'''

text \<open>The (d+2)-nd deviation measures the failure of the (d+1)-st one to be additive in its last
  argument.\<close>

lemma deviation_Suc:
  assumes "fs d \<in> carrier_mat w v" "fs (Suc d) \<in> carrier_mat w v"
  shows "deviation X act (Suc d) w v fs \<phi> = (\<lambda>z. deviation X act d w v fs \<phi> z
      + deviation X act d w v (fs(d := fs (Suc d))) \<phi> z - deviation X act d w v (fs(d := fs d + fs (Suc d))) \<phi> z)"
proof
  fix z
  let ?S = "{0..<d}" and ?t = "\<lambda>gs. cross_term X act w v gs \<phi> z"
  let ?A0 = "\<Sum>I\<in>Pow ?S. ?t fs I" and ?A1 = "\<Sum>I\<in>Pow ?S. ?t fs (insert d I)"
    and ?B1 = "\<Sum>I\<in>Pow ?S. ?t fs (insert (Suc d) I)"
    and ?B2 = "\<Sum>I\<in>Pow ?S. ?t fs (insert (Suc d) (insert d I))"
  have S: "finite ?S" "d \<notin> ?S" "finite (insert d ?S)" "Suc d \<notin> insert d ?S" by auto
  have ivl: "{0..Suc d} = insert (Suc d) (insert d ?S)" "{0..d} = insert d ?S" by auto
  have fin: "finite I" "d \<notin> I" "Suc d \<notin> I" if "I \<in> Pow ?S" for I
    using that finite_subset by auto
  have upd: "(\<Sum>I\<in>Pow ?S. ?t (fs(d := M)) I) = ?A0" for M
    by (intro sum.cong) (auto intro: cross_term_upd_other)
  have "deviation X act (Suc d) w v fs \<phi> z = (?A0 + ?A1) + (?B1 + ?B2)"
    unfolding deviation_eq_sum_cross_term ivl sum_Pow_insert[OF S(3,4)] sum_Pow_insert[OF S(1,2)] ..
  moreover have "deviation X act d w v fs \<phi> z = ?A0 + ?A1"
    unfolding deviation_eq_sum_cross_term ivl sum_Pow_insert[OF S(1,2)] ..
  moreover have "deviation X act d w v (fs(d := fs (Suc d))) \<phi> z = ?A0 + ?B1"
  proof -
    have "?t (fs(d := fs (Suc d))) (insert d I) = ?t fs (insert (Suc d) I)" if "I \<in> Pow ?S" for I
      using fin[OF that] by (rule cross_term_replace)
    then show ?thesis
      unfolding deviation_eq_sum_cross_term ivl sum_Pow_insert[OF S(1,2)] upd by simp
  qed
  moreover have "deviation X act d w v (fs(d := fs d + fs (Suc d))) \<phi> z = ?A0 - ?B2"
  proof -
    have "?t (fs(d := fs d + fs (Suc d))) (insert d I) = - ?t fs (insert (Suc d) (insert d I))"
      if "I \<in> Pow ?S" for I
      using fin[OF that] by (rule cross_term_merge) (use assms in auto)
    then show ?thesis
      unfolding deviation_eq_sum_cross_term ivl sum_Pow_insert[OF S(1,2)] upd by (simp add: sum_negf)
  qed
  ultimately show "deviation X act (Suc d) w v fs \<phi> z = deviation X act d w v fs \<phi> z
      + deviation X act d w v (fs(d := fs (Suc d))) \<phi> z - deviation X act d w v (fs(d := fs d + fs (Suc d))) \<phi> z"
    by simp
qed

'''
'''

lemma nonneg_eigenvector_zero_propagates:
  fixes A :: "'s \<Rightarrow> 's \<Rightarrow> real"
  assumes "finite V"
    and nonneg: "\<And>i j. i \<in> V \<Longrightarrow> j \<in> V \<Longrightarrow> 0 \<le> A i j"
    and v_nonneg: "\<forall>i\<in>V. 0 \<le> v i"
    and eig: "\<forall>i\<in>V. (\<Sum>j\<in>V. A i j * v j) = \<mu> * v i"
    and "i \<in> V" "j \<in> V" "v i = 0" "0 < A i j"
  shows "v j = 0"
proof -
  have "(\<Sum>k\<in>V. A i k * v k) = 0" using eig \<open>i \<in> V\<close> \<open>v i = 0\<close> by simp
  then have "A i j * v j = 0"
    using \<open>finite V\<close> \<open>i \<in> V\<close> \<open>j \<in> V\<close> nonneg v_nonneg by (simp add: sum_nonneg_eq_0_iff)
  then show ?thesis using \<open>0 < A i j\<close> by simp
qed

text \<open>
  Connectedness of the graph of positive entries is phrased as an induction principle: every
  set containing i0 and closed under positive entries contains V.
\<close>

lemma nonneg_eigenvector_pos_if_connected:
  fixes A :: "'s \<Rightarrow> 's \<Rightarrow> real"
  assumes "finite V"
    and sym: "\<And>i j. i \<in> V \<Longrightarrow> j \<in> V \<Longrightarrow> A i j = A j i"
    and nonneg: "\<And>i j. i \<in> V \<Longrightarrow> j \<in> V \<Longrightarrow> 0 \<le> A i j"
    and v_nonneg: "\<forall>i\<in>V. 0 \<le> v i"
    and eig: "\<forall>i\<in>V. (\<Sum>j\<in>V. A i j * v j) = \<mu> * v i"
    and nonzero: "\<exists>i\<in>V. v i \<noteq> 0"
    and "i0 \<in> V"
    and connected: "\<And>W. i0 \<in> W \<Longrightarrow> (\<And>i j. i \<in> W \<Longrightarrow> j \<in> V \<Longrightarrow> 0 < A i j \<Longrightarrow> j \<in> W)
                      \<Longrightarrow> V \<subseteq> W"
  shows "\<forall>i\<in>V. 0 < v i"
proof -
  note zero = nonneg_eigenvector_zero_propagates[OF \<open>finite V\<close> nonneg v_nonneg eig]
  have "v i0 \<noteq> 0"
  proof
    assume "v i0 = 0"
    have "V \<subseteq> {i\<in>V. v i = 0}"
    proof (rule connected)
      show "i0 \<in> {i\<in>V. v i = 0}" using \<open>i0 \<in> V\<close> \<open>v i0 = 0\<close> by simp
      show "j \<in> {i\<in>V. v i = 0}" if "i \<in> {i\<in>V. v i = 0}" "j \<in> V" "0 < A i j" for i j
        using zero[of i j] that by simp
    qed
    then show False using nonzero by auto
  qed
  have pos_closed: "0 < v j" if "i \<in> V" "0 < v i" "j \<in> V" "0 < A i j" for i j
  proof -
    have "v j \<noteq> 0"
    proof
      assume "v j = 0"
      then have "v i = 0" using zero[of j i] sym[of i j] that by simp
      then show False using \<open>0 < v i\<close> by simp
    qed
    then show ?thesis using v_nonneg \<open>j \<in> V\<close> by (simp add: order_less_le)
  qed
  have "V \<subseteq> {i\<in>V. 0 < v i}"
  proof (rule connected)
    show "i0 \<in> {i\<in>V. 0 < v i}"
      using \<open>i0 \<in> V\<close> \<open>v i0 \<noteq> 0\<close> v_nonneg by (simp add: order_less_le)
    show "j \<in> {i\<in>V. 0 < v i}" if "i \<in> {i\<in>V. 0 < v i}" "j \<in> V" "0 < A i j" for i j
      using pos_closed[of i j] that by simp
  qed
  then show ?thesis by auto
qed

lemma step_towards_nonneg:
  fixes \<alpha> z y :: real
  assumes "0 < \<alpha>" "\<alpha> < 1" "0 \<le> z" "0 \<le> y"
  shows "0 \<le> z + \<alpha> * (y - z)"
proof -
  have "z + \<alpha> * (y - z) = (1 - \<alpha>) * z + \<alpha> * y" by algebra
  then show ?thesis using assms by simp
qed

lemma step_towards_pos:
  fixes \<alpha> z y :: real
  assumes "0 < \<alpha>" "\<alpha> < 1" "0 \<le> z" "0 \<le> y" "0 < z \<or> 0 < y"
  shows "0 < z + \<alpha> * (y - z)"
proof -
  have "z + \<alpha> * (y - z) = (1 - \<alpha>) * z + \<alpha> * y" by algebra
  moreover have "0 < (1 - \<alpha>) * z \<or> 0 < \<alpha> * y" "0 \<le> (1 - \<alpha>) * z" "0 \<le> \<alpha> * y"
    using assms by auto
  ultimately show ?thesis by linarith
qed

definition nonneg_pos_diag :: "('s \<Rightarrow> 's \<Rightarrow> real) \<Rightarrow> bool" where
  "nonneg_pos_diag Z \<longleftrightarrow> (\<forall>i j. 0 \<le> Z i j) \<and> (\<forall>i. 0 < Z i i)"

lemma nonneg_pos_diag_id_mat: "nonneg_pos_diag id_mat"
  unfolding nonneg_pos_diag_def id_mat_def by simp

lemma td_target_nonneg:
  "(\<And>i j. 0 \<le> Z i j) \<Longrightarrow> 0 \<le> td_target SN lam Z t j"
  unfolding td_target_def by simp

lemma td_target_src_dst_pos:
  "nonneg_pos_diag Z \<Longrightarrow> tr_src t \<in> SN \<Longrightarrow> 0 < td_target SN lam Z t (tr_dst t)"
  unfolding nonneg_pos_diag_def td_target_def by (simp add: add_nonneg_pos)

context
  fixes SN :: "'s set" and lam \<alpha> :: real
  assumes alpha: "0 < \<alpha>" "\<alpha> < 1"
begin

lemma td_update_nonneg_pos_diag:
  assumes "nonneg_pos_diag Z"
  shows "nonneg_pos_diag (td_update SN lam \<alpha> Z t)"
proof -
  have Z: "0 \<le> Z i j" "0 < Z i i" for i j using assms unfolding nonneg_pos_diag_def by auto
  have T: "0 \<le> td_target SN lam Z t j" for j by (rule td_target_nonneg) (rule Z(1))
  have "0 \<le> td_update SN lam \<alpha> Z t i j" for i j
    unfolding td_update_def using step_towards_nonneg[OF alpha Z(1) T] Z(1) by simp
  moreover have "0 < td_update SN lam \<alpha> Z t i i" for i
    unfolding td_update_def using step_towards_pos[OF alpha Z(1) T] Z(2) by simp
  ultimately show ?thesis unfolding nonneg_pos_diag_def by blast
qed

'''

Above are the records; copy exactly the lines from the line with "lam \<alpha> :: real" through the line with "unfolding td_update_def using step_towards_pos[OF", both included.

  fixes SN :: "'s set" and lam \<alpha> :: real
  assumes alpha: "0 < \<alpha>" "\<alpha> < 1"
begin

lemma td_update_nonneg_pos_diag:
  assumes "nonneg_pos_diag Z"
  shows "nonneg_pos_diag (td_update SN lam \<alpha> Z t)"
proof -
  have Z: "0 \<le> Z i j" "0 < Z i i" for i j using assms unfolding nonneg_pos_diag_def by auto
  have T: "0 \<le> td_target SN lam Z t j" for j by (rule td_target_nonneg) (rule Z(1))
  have "0 \<le> td_update SN lam \<alpha> Z t i j" for i j
    unfolding td_update_def using step_towards_nonneg[OF alpha Z(1) T] Z(1) by simp
  moreover have "0 < td_update SN lam \<alpha> Z t i i" for i
    unfolding td_update_def using step_towards_pos[OF alpha Z(1) T] Z(2) by simp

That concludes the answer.